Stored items
___
lemma cell_in_partition:
  assumes P: "meas_partition M P" and x: "x \<in> space M"
  shows "cell P x \<in> P" and "x \<in> cell P x"
proof -
  have "x \<in> \<Union>P" using P x by (simp add: meas_partition_def)
  then obtain A where "A \<in> P" "x \<in> A" by blast
  then have "\<exists>!A. A \<in> P \<and> x \<in> A" using partition_cell_unique[OF P] by blast
  then have "cell P x \<in> P \<and> x \<in> cell P x" unfolding cell_def by (rule theI')
  then show "cell P x \<in> P" "x \<in> cell P x" by auto
qed

lemma cell_eq_iff:
  assumes P: "meas_partition M P" and x: "x \<in> space M" and A: "A \<in> P"
  shows "cell P x = A \<longleftrightarrow> x \<in> A"
  using cell_in_partition[OF P x] partition_cell_unique[OF P _ A] by blast

lemma simple_function_cell:
  assumes P: "meas_partition M P"
  shows "simple_function M (cell P)"
proof -
  have "cell P ` space M \<subseteq> P" using cell_in_partition[OF P] by auto
  then have "finite (cell P ` space M)" using P finite_subset by (auto simp: meas_partition_def)
  moreover have "cell P -` {A} \<inter> space M \<in> sets M" for A
  proof (cases "A \<in> P")
    case True
    then have "A \<subseteq> space M" using P sets.sets_into_space by (auto simp: meas_partition_def)
    then have "cell P -` {A} \<inter> space M = A" using cell_eq_iff[OF P _ True] by auto
    then show ?thesis using True P by (auto simp: meas_partition_def)
  next
    case False
    then have "cell P -` {A} \<inter> space M = {}" using cell_in_partition(1)[OF P] by auto
    then show ?thesis by simp
  qed
  ultimately show ?thesis by (simp add: simple_function_def)
qed

lemma itinerary_cell_eq_iff:
  assumes P: "meas_partition M P" and T: "T \<in> M \<rightarrow>\<^sub>M M" and y: "y \<in> space M"
    and f: "\<And>i. i < n \<Longrightarrow> f i \<in> P"
  shows "itinerary T (cell P) n y = map f [0..<n] \<longleftrightarrow> (\<forall>i<n. (T ^^ i) y \<in> f i)"
proof -
  have orbit: "(T ^^ i) y \<in> space M" for i using measurable_space[OF measurable_compose_n[OF T] y] .
  have "itinerary T (cell P) n y = map f [0..<n] \<longleftrightarrow> (\<forall>i<n. cell P ((T ^^ i) y) = f i)"
    by (auto simp: itinerary_def list_eq_iff_nth_eq)
  also have "\<dots> \<longleftrightarrow> (\<forall>i<n. (T ^^ i) y \<in> f i)"
    by (auto simp: cell_eq_iff[OF P orbit f])
  finally show ?thesis .
qed

lemma join_part_eq_fibres:
  fixes n :: nat
  assumes P: "meas_partition M P" and T: "T \<in> M \<rightarrow>\<^sub>M M"
  defines "V \<equiv> itinerary T (cell P) n"
  shows "join_part M T P n - {{}} = (\<lambda>v. V -` {v} \<inter> space M) ` V ` space M"
proof (intro equalityI subsetI)
  fix A assume "A \<in> join_part M T P n - {{}}"
  then obtain f where f: "\<And>i. i < n \<Longrightarrow> f i \<in> P" and A: "A = space M \<inter> (\<Inter>i<n. (T ^^ i) -` f i)"
    and "A \<noteq> {}" unfolding join_part_def by auto
  then obtain x where x: "x \<in> A" by auto
  have iff: "y \<in> A \<longleftrightarrow> y \<in> space M \<and> V y = map f [0..<n]" for y
    using itinerary_cell_eq_iff[OF P T _ f, of y] unfolding A V_def by auto
  then have "A = V -` {V x} \<inter> space M" "x \<in> space M" using x by auto
  then show "A \<in> (\<lambda>v. V -` {v} \<inter> space M) ` V ` space M" by auto
next
  fix A assume "A \<in> (\<lambda>v. V -` {v} \<inter> space M) ` V ` space M"
  then obtain x where x: "x \<in> space M" and A: "A = V -` {V x} \<inter> space M" by auto
  define f where "f i = cell P ((T ^^ i) x)" for i
  have f: "f i \<in> P" for i
    unfolding f_def by (rule cell_in_partition(1)[OF P measurable_space[OF measurable_compose_n[OF T] x]])
  have "V x = map f [0..<n]" by (simp add: V_def itinerary_def f_def)
  then have "A = space M \<inter> (\<Inter>i<n. (T ^^ i) -` f i)"
    using itinerary_cell_eq_iff[OF P T _ f] unfolding A V_def by auto
  moreover have "A \<noteq> {}" using x A by auto
  ultimately show "A \<in> join_part M T P n - {{}}" unfolding join_part_def by (auto intro!: exI[of _ f] f)
qed

lemma part_entropy_Diff_empty: "part_entropy M (Q - {{}}) = part_entropy M Q"
proof (cases "finite Q")
  case True
  then show ?thesis unfolding part_entropy_def by (intro arg_cong[where f=uminus] sum.mono_neutral_left) auto
next
  case False
  then have "infinite (Q - {{}})" by simp
  then show ?thesis using False by (simp add: part_entropy_def)
qed

context information_space
begin

lemma part_entropy_fibres:
  assumes V: "simple_function M V"
  shows "part_entropy M ((\<lambda>v. V -` {v} \<inter> space M) ` V ` space M) = ln b * \<H>(V)"
proof -
  have "inj_on (\<lambda>v. V -` {v} \<inter> space M) (V ` space M)" by (rule inj_onI) blast
  then show ?thesis
    using b_gt_1
    by (simp add: part_entropy_def entropy_eq_sum[OF V] sum.reindex log_def sum_divide_distrib[symmetric])
qed

lemma part_entropy_join_part:
  assumes P: "meas_partition M P" and T: "T \<in> M \<rightarrow>\<^sub>M M"
  shows "part_entropy M (join_part M T P n) = ln b * \<H>(itinerary T (cell P) n)"
  using part_entropy_fibres[OF simple_function_itinerary[OF T simple_function_cell[OF P]]]
  by (simp add: join_part_eq_fibres[OF P T, symmetric] part_entropy_Diff_empty)

end

section \<open>Windows and words parsed into odd prefixes\<close>

definition window :: "int \<Rightarrow> nat \<Rightarrow> (int \<Rightarrow> 'a) \<Rightarrow> 'a list" where
  "window a L x = map (\<lambda>t. x (a + int t)) [0..<L]"

lemma length_window [simp]: "length (window a L x) = L"
  by (simp add: window_def)

lemma nth_window [simp]: "t < L \<Longrightarrow> window a L x ! t = x (a + int t)"
  by (simp add: window_def)

lemma window_add: "window a (j + L) x = window a j x @ window (a + int j) L x"
  by (rule nth_equalityI) (auto simp: nth_append algebra_simps)

lemma take_drop_window:
  "i + l \<le> L \<Longrightarrow> take l (drop i (window a L x)) = window (a + int i) l x"
  by (intro nth_equalityI) (auto simp: algebra_simps)

lemma funpow_shift: "(shift ^^ i) x = (\<lambda>j. x (j + int i))"
  by (induction i) (simp_all add: shift_def algebra_simps)

lemma window_funpow_shift: "window a L ((shift ^^ i) x) = window (a + int i) L x"
  by (rule nth_equalityI) (auto simp: funpow_shift algebra_simps)

definition prefix_word :: "(nat \<Rightarrow> int) \<Rightarrow> nat \<Rightarrow> int list" where
  "prefix_word d j = map (\<lambda>t. d (t + 1)) [0..<j]"

lemma length_prefix_word [simp]: "length (prefix_word d j) = j"
  by (simp add: prefix_word_def)

text \<open>The words of length \<open>m\<close> read in a concatenation of blocks \<open>d\<^sub>1 \<dots> d\<^sub>2\<^sub>n\<^sub>-\<^sub>1\<close>
  starting at a cut point: odd prefixes of \<open>d\<close>, the last one possibly truncated.\<close>
function prefix_concatenations :: "(nat \<Rightarrow> int) \<Rightarrow> nat \<Rightarrow> int list set" where
  "prefix_concatenations d m = (if m = 0 then {[]} else insert (prefix_word d m)
      (\<Union>t<m div 2. (\<lambda>v. prefix_word d (2 * t + 1) @ v) ` prefix_concatenations d (m - (2 * t + 1))))"
  by pat_completeness auto
termination by (relation "inv_image less_than snd") auto

declare prefix_concatenations.simps [simp del]

lemma finite_prefix_concatenations: "finite (prefix_concatenations d m)"
  by (induction m rule: less_induct) (subst prefix_concatenations.simps, auto)

definition golden_ratio :: real where
  "golden_ratio = (1 + sqrt 5) / 2"

lemma golden_ratio_ge_1: "1 \<le> golden_ratio"
  unfolding golden_ratio_def using real_sqrt_ge_one[of 5] by simp

lemma golden_ratio_square: "golden_ratio ^ 2 = golden_ratio + 1"
  unfolding golden_ratio_def by (simp add: power2_eq_square field_simps)

lemma golden_ratio_power_ge:
  "1 + (\<Sum>t<m div 2. golden_ratio ^ (m - (2 * t + 1))) \<le> golden_ratio ^ m"
proof (induction m rule: less_induct)
  case (less m)
  consider "m = 0" | "m = 1" | k where "m = Suc (Suc k)" by (metis One_nat_def not0_implies_Suc)
  then show ?case
  proof cases
    case 3
    have d: "Suc (Suc k) div 2 = Suc (k div 2)" by simp
    have "(\<Sum>t<m div 2. golden_ratio ^ (m - (2 * t + 1)))
        = golden_ratio ^ Suc k + (\<Sum>t<k div 2. golden_ratio ^ (k - (2 * t + 1)))"
      unfolding 3 d sum.lessThan_Suc_shift by simp
    moreover have "golden_ratio ^ m = golden_ratio ^ k * golden_ratio ^ 2"
      unfolding 3 by (simp add: power_add[symmetric])
    then have "golden_ratio ^ m = golden_ratio ^ Suc k + golden_ratio ^ k"
      by (simp add: golden_ratio_square algebra_simps)
    ultimately show ?thesis using less[of k] 3 by simp
  qed (use golden_ratio_ge_1 in simp_all)
qed

lemma card_prefix_concatenations_le: "card (prefix_concatenations d m) \<le> golden_ratio ^ m"
proof (induction m rule: less_induct)
  case (less m)
  show ?case
  proof (cases "m = 0")
    case False
    let ?C = "\<lambda>t. prefix_concatenations d (m - (2 * t + 1))"
    have "card (prefix_concatenations d m) \<le> Suc (card (\<Union>t<m div 2. (\<lambda>v. prefix_word d (2 * t + 1) @ v) ` ?C t))"
      using False by (subst prefix_concatenations.simps) (simp add: card_insert_le_m1)
    also have "\<dots> \<le> Suc (\<Sum>t<m div 2. card ((\<lambda>v. prefix_word d (2 * t + 1) @ v) ` ?C t))"
      by (intro Suc_le_mono[THEN iffD2] card_UN_le) simp
    also have "\<dots> \<le> Suc (\<Sum>t<m div 2. card (?C t))"
      by (simp add: card_image_le finite_prefix_concatenations sum_mono)
    finally have "card (prefix_concatenations d m) \<le> 1 + (\<Sum>t<m div 2. real (card (?C t)))"
      by (simp add: of_nat_le_iff[symmetric, where 'a=real] del: of_nat_le_iff)
    also have "\<dots> \<le> 1 + (\<Sum>t<m div 2. golden_ratio ^ (m - (2 * t + 1)))"
      using less False by (intro add_left_mono sum_mono) auto
    also have "\<dots> \<le> golden_ratio ^ m" by (rule golden_ratio_power_ge)
    finally show ?thesis .
  qed (simp add: prefix_concatenations.simps)
qed

definition tail_parsed_words :: "(nat \<Rightarrow> int) \<Rightarrow> int set \<Rightarrow> nat \<Rightarrow> nat \<Rightarrow> int list set" where
  "tail_parsed_words d A L e =
     {w. length w = L \<and> set w \<subseteq> A \<and> (\<exists>i<e. drop i w \<in> prefix_concatenations d (L - i))}"

lemma card_tail_parsed_words_le:
  assumes A: "finite A" "A \<noteq> {}"
  shows "card (tail_parsed_words d A L e) \<le> real e * real (card A) ^ e * golden_ratio ^ L"
proof -
  define F where "F i = (\<lambda>(u, v). u @ v) `
    ({u. set u \<subseteq> A \<and> length u = min i L} \<times> prefix_concatenations d (L - i))" for i
  have finite: "finite ({u. set u \<subseteq> A \<and> length u = min i L} \<times> prefix_concatenations d (L - i))" for i
    using A by (intro finite_cartesian_product finite_lists_length_eq finite_prefix_concatenations)
  have "tail_parsed_words d A L e \<subseteq> (\<Union>i<e. F i)"
  proof
    fix w assume "w \<in> tail_parsed_words d A L e"
    then obtain i where i: "i < e" "drop i w \<in> prefix_concatenations d (L - i)"
      and w: "length w = L" "set w \<subseteq> A"
      by (auto simp: tail_parsed_words_def)
    have "take i w \<in> {u. set u \<subseteq> A \<and> length u = min i L}" using w set_take_subset[of i w] by auto
    then have "w \<in> F i" unfolding F_def using i by (intro image_eqI[where x="(take i w, drop i w)"]) auto
    then show "w \<in> (\<Union>i<e. F i)" using i by auto
  qed
  then have "card (tail_parsed_words d A L e) \<le> card (\<Union>i<e. F i)"
    using finite by (intro card_mono) (auto simp: F_def)
  also have "\<dots> \<le> (\<Sum>i<e. card (F i))" by (rule card_UN_le) simp
  finally have "real (card (tail_parsed_words d A L e)) \<le> (\<Sum>i<e. real (card (F i)))"
    by (simp add: of_nat_le_iff[symmetric, where 'a=real] del: of_nat_le_iff)
  also have "\<dots> \<le> (\<Sum>i<e. real (card A) ^ e * golden_ratio ^ L)"
  proof (rule sum_mono)
    fix i assume "i \<in> {..<e}"
    have "card (F i) \<le> card A ^ min i L * card (prefix_concatenations d (L - i))"
      unfolding F_def using card_image_le[OF finite] A by (simp add: card_cartesian_product card_lists_length_eq)
    then have "real (card (F i)) \<le> real (card A) ^ min i L * real (card (prefix_concatenations d (L - i)))"
      by (simp add: of_nat_le_iff[symmetric, where 'a=real] del: of_nat_le_iff)
    also have "\<dots> \<le> real (card A) ^ e * golden_ratio ^ L"
    proof (rule mult_mono)
      show "real (card A) ^ min i L \<le> real (card A) ^ e"
        using A \<open>i \<in> {..<e}\<close> by (intro power_increasing) (auto simp: Suc_le_eq card_gt_0_iff)
      show "real (card (prefix_concatenations d (L - i))) \<le> golden_ratio ^ L"
        using card_prefix_concatenations_le[of d "L - i"] power_increasing[of "L - i" L golden_ratio]
          golden_ratio_ge_1 by linarith
    qed simp_all
    finally show "real (card (F i)) \<le> real (card A) ^ e * golden_ratio ^ L" .
  qed
  finally show ?thesis by simp
qed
___
→ Task directions: Copy the records above faithfully. Begin at their first line, end at the line containing "by (rule theI')", and include nothing else.

→ Problem solution:
lemma cell_in_partition:
  assumes P: "meas_partition M P" and x: "x \<in> space M"
  shows "cell P x \<in> P" and "x \<in> cell P x"
proof -
  have "x \<in> \<Union>P" using P x by (simp add: meas_partition_def)
  then obtain A where "A \<in> P" "x \<in> A" by blast
  then have "\<exists>!A. A \<in> P \<and> x \<in> A" using partition_cell_unique[OF P] by blast
  then have "cell P x \<in> P \<and> x \<in> cell P x" unfolding cell_def by (rule theI')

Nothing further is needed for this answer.